Before beginning, we review the principal covariates associated with resistance in AML, regardless of patient age [Dohner et al. 2010]. It must be stressed that these covariates have primarily been identified in patients given standard 3 + 7 therapy. The chief factor is cytogenetics. A monosomal karyotype (MK) is now recognized as the least favorable cytogenetic pattern [Breems et al. 2008; Medeiros et al. 2010]. The criteria for an MK are at least one autosomal monosomy, or one autosomal monosomy and one structural abnormality, such as a translocation or a deletion, but not a trisomy. The prognostic significance of a complex karyotype (CK; at least three or in some definitions five distinct abnormalities) is due to its association with an MK; in particular, patients with a CK who do not have an MK have better outcomes than patients with an MK but not a CK. An MK is found in 25% of patients age 60 or above and 10% of patients age <60, with the increased frequency in older patients responsible for some of the poorer outcome of such patients.
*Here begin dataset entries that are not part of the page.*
lemma sym_pos_def_mat_add:
  assumes "sym_pos_def_mat A" and "sym_pos_def_mat B"
  shows "sym_pos_def_mat (A + B)"
  using assms
  by (auto simp: sym_pos_def_mat_def transpose_def vec_eq_iff matrix_vector_mult_add_rdistrib
      inner_add_right add_pos_pos)

lemma sym_pos_def_mat_scaleR:
  assumes "sym_pos_def_mat A" and "0 < c"
  shows "sym_pos_def_mat (c *\<^sub>R A)"
  using assms
  by (auto simp: sym_pos_def_mat_def transpose_def vec_eq_iff scaleR_matrix_vector_assoc[symmetric])

lemma sym_pos_def_mat_cauchy_schwarz:
  assumes Q: "sym_pos_def_mat Q"
  shows "x \<bullet> (Q *v y) \<le> sqrt (x \<bullet> (Q *v x)) * sqrt (y \<bullet> (Q *v y))"
proof (cases "x = 0 \<or> y = 0")
  case True
  then show ?thesis
    by auto
next
  case False
  define \<alpha> where "\<alpha> = sqrt (x \<bullet> (Q *v x))"
  define \<gamma> where "\<gamma> = sqrt (y \<bullet> (Q *v y))"
  have "0 < x \<bullet> (Q *v x)" "0 < y \<bullet> (Q *v y)"
    using Q False by (auto simp: sym_pos_def_mat_def)
  then have pos: "0 < \<alpha>" "0 < \<gamma>" and sq: "\<alpha>\<^sup>2 = x \<bullet> (Q *v x)" "\<gamma>\<^sup>2 = y \<bullet> (Q *v y)"
    by (simp_all add: \<alpha>_def \<gamma>_def)
  have "0 \<le> (\<gamma> *\<^sub>R x - \<alpha> *\<^sub>R y) \<bullet> (Q *v (\<gamma> *\<^sub>R x - \<alpha> *\<^sub>R y))"
    by (rule sym_pos_def_mat_quadratic_nonneg[OF Q])
  also have "\<dots> = 2 * (\<alpha>\<^sup>2 * \<gamma>\<^sup>2) - 2 * (\<alpha> * \<gamma>) * (x \<bullet> (Q *v y))"
    using Q symmetric_matrix_inner_commute[of Q y x]
    by (simp add: sym_pos_def_mat_def sq[symmetric] matrix_vector_mult_diff_distrib matrix_vector_mult_scaleR
        inner_diff_left inner_diff_right inner_commute power2_eq_square algebra_simps)
  finally have "(\<alpha> * \<gamma>) * (x \<bullet> (Q *v y)) \<le> (\<alpha> * \<gamma>) * (\<alpha> * \<gamma>)"
    by (simp add: power2_eq_square algebra_simps)
  then show ?thesis
    using pos by (simp add: \<alpha>_def[symmetric] \<gamma>_def[symmetric])
qed

lemma center_mem_ellipsoid: "q \<in> ellipsoid q Q"
  by (simp add: ellipsoid_def)

lemma ellipsoid_inner_le:
  assumes Q: "sym_pos_def_mat Q" and z: "z \<in> ellipsoid 0 Q"
  shows "z \<bullet> y \<le> sqrt (y \<bullet> (Q *v y))"
proof -
  define w where "w = matrix_inv Q *v z"
  have z_eq: "Q *v w = z"
    using invertible_matrix_inv(1)[OF sym_pos_def_mat_invertible[OF Q]]
    by (simp add: w_def matrix_vector_mul_assoc)
  have w_le: "w \<bullet> (Q *v w) \<le> 1"
    using z unfolding ellipsoid_def by (simp add: z_eq) (simp add: w_def inner_commute)
  have "z \<bullet> y = w \<bullet> (Q *v y)"
    using Q symmetric_matrix_inner_commute[of Q w y] by (simp add: sym_pos_def_mat_def z_eq)
  also have "\<dots> \<le> sqrt (w \<bullet> (Q *v w)) * sqrt (y \<bullet> (Q *v y))"
    by (rule sym_pos_def_mat_cauchy_schwarz[OF Q])
  also have "\<dots> \<le> sqrt (y \<bullet> (Q *v y))"
    using w_le sym_pos_def_mat_quadratic_nonneg[OF Q] by (intro mult_left_le_one_le) auto
  finally show ?thesis .
qed

lemma support_fun_ellipsoid_le:
  assumes "sym_pos_def_mat Q"
  shows "support_fun (ellipsoid 0 Q) y \<le> sqrt (y \<bullet> (Q *v y))"
  unfolding support_fun_def
  using assms center_mem_ellipsoid[of 0 Q] ellipsoid_inner_le by (intro cSUP_least) auto

lemma support_fun_ellipsoid_nonneg:
  assumes "sym_pos_def_mat Q"
  shows "0 \<le> support_fun (ellipsoid 0 Q) y"
proof -
  have "bdd_above ((\<lambda>x. x \<bullet> y) ` ellipsoid 0 Q)"
    using assms ellipsoid_inner_le by (intro bdd_aboveI2) auto
  then have "0 \<bullet> y \<le> support_fun (ellipsoid 0 Q) y"
    unfolding support_fun_def using center_mem_ellipsoid by (intro cSUP_upper)
  then show ?thesis
    by simp
qed

lemma mem_ellipsoid_if_inner_le:
  assumes Q: "sym_pos_def_mat Q" and le: "\<And>y. x \<bullet> y \<le> sqrt (y \<bullet> (Q *v y))"
  shows "x \<in> ellipsoid 0 Q"
proof -
  define y where "y = matrix_inv Q *v x"
  have "Q *v y = x"
    using invertible_matrix_inv(1)[OF sym_pos_def_mat_invertible[OF Q]]
    by (simp add: y_def matrix_vector_mul_assoc)
  then have le_sqrt: "x \<bullet> y \<le> sqrt (x \<bullet> y)"
    using le[of y] by (simp add: inner_commute)
  have "x \<bullet> y \<le> 1"
  proof (cases "x \<bullet> y \<le> 0")
    case False
    then have pos: "0 < sqrt (x \<bullet> y)"
      by simp
    have "sqrt (x \<bullet> y) * sqrt (x \<bullet> y) \<le> sqrt (x \<bullet> y) * 1"
      using le_sqrt False by simp
    then have "sqrt (x \<bullet> y) \<le> 1"
      using mult_le_cancel_left_pos[OF pos] by blast
    then show ?thesis
      by simp
  qed simp
  then show ?thesis
    by (simp add: ellipsoid_def y_def)
qed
SWOG data indicate that in patients age 60 or above an MK is associated with a CR rate of 13% and a median survival of 2 months (versus a CR rate of 24% and a median survival of approximately 6 months in younger patients with MK) [Medeiros et al. 2010]. Although patients with other unfavorable cytogenetics (such as CK, a single monosomy involving chromosomes 5 or 7, a deletion of the long arm of these chromosomes or of chromosome 11) fare better than those with an MK, the difference is more quantitative than qualitative. Thus, patients age 60 or above with unfavorable non-MK cytogenetics have a CR rate of 27% and a median survival of 9-12 months, with a 4-year survival probability of 13% [Medeiros et al. 2010].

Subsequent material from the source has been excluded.